[Dataset entries]
--*--

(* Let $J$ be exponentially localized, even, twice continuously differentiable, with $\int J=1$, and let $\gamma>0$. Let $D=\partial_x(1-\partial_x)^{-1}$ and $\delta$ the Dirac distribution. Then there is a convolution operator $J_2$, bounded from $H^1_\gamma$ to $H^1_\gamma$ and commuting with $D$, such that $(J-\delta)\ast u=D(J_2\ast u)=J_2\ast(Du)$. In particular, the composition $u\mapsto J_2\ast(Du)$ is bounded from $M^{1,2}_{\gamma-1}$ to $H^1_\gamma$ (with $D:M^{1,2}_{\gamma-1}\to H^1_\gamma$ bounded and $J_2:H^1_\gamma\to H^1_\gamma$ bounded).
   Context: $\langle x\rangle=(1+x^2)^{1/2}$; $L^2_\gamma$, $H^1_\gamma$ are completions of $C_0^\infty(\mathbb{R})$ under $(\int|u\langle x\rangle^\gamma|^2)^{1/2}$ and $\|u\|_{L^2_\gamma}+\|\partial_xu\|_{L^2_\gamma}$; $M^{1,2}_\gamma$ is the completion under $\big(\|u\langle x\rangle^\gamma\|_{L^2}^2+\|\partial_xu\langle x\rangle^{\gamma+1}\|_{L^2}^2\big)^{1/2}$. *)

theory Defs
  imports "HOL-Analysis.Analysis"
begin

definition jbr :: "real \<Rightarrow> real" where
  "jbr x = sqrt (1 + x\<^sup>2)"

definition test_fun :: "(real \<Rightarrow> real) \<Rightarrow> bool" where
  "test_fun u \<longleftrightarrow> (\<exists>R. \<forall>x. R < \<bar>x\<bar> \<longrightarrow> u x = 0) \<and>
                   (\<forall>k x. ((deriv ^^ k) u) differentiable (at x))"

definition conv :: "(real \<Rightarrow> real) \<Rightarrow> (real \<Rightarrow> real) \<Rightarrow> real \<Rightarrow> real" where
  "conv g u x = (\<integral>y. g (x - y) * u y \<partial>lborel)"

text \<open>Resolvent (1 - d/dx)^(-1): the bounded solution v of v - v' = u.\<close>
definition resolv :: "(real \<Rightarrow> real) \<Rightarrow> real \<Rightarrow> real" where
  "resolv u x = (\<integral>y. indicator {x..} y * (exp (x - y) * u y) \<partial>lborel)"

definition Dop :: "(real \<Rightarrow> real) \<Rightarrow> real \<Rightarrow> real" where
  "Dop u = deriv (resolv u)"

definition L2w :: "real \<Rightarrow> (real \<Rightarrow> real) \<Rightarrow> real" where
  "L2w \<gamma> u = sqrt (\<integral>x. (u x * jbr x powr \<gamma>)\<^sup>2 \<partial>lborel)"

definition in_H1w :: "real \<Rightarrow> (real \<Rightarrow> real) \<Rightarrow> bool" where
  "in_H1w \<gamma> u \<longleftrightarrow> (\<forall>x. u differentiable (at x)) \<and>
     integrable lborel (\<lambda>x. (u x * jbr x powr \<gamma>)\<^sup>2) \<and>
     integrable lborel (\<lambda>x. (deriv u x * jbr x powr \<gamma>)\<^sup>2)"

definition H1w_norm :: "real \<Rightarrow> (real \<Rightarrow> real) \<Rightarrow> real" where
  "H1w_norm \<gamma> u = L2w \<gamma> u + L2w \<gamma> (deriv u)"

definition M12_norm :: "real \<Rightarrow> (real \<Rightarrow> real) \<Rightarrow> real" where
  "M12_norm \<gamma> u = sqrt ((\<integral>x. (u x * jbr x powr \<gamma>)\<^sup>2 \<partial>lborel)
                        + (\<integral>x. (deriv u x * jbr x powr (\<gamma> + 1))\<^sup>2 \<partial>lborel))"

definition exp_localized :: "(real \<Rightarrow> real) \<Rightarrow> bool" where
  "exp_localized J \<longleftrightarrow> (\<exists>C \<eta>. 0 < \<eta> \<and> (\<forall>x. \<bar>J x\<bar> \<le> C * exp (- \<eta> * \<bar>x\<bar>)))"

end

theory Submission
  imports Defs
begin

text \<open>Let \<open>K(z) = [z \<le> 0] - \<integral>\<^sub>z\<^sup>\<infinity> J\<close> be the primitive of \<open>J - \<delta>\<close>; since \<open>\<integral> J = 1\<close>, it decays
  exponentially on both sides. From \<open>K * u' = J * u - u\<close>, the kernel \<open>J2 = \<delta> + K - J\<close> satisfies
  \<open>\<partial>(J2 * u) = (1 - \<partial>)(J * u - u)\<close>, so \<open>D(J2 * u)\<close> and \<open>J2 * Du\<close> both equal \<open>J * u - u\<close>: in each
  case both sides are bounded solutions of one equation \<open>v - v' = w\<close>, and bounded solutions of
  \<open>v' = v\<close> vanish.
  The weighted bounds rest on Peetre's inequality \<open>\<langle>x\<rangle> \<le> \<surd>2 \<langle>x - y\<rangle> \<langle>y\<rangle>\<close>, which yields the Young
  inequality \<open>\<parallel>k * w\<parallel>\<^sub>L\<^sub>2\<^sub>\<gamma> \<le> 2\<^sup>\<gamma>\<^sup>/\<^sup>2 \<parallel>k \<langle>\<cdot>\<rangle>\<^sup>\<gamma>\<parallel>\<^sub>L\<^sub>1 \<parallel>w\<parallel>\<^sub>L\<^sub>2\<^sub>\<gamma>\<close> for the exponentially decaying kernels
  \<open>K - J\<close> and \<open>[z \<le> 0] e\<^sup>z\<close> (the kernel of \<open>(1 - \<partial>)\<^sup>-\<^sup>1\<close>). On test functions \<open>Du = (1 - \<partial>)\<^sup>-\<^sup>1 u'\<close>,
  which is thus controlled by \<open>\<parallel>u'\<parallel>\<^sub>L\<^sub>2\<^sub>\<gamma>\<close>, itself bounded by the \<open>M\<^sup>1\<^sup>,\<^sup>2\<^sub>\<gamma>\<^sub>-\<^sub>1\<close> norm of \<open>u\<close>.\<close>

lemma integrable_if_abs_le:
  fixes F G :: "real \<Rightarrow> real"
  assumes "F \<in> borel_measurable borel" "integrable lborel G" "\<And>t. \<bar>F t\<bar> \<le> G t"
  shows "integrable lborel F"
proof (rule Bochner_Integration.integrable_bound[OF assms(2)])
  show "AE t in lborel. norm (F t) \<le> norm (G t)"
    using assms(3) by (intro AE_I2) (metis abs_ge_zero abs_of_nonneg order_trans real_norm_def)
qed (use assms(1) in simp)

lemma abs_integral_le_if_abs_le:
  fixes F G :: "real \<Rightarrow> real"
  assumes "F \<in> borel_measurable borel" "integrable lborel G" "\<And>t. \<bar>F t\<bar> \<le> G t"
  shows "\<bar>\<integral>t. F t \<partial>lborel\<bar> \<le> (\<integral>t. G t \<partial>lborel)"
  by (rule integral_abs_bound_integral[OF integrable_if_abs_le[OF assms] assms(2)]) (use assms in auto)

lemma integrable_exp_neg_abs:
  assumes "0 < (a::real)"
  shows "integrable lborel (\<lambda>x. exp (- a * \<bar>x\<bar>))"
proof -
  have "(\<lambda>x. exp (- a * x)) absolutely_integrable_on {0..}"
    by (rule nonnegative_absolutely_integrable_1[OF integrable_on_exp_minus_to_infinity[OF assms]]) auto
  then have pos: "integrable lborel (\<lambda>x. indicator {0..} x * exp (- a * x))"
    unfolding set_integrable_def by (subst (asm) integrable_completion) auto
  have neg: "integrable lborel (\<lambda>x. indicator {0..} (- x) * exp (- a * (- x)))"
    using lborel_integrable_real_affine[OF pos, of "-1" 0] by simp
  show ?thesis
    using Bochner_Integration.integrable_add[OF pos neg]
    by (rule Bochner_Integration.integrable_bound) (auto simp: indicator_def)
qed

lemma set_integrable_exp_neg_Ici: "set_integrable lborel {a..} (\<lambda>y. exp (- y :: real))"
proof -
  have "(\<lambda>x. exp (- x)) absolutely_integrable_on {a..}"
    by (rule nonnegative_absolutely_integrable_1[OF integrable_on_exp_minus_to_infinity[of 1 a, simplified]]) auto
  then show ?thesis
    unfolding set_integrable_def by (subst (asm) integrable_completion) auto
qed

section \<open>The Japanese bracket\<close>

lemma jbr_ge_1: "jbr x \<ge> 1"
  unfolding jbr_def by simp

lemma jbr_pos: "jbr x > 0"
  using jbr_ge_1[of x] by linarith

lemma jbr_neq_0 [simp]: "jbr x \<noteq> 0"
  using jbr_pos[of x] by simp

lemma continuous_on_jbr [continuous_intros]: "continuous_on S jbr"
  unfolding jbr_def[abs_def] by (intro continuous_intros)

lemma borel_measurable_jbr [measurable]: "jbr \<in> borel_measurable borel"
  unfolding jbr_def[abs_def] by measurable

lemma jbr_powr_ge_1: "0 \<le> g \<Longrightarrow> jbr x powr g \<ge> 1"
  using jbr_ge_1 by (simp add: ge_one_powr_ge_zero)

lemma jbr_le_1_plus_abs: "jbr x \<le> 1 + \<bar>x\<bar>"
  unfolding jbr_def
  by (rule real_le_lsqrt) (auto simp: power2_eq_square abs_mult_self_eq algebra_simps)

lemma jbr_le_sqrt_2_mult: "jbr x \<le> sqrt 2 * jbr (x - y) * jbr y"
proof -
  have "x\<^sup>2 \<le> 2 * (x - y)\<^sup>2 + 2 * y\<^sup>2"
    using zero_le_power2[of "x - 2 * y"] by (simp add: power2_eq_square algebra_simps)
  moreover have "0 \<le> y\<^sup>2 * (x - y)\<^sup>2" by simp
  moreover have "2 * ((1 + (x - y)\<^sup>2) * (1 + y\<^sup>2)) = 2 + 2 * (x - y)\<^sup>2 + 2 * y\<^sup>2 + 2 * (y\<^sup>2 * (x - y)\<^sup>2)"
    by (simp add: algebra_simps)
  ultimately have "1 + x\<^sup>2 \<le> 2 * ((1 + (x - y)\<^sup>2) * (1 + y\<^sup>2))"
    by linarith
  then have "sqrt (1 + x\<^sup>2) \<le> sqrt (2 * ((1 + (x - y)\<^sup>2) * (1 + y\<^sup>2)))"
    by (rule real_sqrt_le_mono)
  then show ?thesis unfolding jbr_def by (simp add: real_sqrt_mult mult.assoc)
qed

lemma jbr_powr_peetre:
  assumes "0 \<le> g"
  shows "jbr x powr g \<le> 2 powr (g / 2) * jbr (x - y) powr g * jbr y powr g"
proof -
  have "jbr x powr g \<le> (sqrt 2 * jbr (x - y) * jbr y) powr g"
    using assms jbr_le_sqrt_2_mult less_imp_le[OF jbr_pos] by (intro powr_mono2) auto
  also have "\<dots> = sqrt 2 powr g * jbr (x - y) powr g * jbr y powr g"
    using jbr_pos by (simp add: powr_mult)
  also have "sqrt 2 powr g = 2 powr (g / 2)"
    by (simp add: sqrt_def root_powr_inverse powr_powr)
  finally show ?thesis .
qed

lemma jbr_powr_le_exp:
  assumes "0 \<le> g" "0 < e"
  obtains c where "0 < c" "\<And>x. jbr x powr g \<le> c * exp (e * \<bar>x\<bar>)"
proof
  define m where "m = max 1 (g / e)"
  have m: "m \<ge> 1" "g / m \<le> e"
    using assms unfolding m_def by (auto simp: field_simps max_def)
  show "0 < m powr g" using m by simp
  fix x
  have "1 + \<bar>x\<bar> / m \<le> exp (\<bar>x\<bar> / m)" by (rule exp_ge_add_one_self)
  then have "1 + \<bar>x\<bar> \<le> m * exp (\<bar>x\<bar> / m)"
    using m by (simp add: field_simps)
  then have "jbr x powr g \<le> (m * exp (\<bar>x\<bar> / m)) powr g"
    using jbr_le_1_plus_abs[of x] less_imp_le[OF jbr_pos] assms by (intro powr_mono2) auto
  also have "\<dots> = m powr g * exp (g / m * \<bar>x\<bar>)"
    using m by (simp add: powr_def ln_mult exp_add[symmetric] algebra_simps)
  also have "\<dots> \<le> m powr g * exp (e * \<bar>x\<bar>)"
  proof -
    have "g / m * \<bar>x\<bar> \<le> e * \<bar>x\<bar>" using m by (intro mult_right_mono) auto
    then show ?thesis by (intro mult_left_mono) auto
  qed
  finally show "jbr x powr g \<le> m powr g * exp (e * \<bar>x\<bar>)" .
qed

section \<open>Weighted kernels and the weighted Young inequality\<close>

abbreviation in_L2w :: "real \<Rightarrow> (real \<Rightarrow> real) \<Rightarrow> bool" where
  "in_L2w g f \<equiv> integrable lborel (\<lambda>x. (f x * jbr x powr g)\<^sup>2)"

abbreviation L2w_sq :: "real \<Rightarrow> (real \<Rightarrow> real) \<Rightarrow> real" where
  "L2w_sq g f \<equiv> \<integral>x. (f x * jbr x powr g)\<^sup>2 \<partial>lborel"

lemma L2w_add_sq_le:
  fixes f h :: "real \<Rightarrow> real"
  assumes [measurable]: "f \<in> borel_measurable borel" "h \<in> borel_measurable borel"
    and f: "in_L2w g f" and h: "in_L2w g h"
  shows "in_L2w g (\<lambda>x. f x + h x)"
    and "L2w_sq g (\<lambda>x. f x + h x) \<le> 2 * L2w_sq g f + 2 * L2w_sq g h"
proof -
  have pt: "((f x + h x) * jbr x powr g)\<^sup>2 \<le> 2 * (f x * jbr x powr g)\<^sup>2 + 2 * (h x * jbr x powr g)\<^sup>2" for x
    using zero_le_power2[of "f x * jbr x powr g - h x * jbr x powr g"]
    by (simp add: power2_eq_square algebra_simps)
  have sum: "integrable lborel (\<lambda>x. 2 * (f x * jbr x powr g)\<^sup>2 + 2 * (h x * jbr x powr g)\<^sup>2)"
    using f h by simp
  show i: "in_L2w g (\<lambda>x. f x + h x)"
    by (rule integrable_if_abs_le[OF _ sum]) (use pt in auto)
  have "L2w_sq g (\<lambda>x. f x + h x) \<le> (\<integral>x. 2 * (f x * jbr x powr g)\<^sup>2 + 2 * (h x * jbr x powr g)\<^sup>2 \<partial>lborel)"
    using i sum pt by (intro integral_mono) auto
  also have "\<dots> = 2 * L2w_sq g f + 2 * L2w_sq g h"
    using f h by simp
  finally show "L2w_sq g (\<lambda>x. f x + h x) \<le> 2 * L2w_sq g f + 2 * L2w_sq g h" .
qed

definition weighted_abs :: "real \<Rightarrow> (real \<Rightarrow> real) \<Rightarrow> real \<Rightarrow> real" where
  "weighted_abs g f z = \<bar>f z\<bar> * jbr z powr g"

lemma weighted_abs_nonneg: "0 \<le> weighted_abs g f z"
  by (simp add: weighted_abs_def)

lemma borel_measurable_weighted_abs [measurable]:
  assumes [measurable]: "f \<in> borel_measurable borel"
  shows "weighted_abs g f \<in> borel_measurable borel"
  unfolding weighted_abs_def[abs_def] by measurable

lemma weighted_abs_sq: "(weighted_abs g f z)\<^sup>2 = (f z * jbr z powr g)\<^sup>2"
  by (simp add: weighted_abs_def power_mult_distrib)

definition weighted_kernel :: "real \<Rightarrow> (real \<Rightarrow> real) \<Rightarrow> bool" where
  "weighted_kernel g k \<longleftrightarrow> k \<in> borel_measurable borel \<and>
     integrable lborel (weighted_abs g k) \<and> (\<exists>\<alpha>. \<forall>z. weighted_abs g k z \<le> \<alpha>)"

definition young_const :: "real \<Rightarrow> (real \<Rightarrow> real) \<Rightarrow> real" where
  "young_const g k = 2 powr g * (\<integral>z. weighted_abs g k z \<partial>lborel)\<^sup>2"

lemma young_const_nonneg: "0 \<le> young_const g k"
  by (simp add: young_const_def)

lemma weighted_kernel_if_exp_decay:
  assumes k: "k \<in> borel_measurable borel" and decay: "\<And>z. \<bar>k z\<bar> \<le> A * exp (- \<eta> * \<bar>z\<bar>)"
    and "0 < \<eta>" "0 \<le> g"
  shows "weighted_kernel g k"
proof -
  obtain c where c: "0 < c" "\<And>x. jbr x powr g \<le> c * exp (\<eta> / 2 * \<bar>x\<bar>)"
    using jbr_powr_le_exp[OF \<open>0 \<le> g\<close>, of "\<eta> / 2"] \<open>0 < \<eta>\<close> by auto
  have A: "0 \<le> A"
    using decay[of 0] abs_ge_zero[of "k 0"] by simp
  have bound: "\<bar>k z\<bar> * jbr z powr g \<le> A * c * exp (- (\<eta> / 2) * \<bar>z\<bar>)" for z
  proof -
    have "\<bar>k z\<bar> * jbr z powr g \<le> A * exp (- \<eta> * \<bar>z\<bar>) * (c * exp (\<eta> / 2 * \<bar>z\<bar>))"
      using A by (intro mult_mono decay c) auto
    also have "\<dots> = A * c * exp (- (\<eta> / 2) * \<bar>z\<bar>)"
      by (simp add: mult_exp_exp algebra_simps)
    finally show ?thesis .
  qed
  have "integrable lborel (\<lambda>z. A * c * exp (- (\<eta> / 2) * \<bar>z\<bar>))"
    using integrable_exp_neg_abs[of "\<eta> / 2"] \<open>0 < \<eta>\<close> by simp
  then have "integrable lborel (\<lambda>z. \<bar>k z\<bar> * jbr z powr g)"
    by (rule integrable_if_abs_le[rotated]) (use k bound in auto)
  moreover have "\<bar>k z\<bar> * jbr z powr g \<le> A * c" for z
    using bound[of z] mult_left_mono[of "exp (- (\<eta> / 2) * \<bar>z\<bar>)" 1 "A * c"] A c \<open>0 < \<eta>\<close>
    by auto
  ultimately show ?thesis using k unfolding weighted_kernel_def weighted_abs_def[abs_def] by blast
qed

--*--

ACTIVITY: Give only the lines from the one holding "unfolding jbr_def[abs_def] by measurable" through the one holding "g \<le> (sqrt", each restated exactly as it appears above.

OUTPUT FOR THIS EXERCISE:
  unfolding jbr_def[abs_def] by measurable

lemma jbr_powr_ge_1: "0 \<le> g \<Longrightarrow> jbr x powr g \<ge> 1"
  using jbr_ge_1 by (simp add: ge_one_powr_ge_zero)

lemma jbr_le_1_plus_abs: "jbr x \<le> 1 + \<bar>x\<bar>"
  unfolding jbr_def
  by (rule real_le_lsqrt) (auto simp: power2_eq_square abs_mult_self_eq algebra_simps)

lemma jbr_le_sqrt_2_mult: "jbr x \<le> sqrt 2 * jbr (x - y) * jbr y"
proof -
  have "x\<^sup>2 \<le> 2 * (x - y)\<^sup>2 + 2 * y\<^sup>2"
    using zero_le_power2[of "x - 2 * y"] by (simp add: power2_eq_square algebra_simps)
  moreover have "0 \<le> y\<^sup>2 * (x - y)\<^sup>2" by simp
  moreover have "2 * ((1 + (x - y)\<^sup>2) * (1 + y\<^sup>2)) = 2 + 2 * (x - y)\<^sup>2 + 2 * y\<^sup>2 + 2 * (y\<^sup>2 * (x - y)\<^sup>2)"
    by (simp add: algebra_simps)
  ultimately have "1 + x\<^sup>2 \<le> 2 * ((1 + (x - y)\<^sup>2) * (1 + y\<^sup>2))"
    by linarith
  then have "sqrt (1 + x\<^sup>2) \<le> sqrt (2 * ((1 + (x - y)\<^sup>2) * (1 + y\<^sup>2)))"
    by (rule real_sqrt_le_mono)
  then show ?thesis unfolding jbr_def by (simp add: real_sqrt_mult mult.assoc)
qed

lemma jbr_powr_peetre:
  assumes "0 \<le> g"
  shows "jbr x powr g \<le> 2 powr (g / 2) * jbr (x - y) powr g * jbr y powr g"
proof -
  have "jbr x powr g \<le> (sqrt 2 * jbr (x - y) * jbr y) powr g"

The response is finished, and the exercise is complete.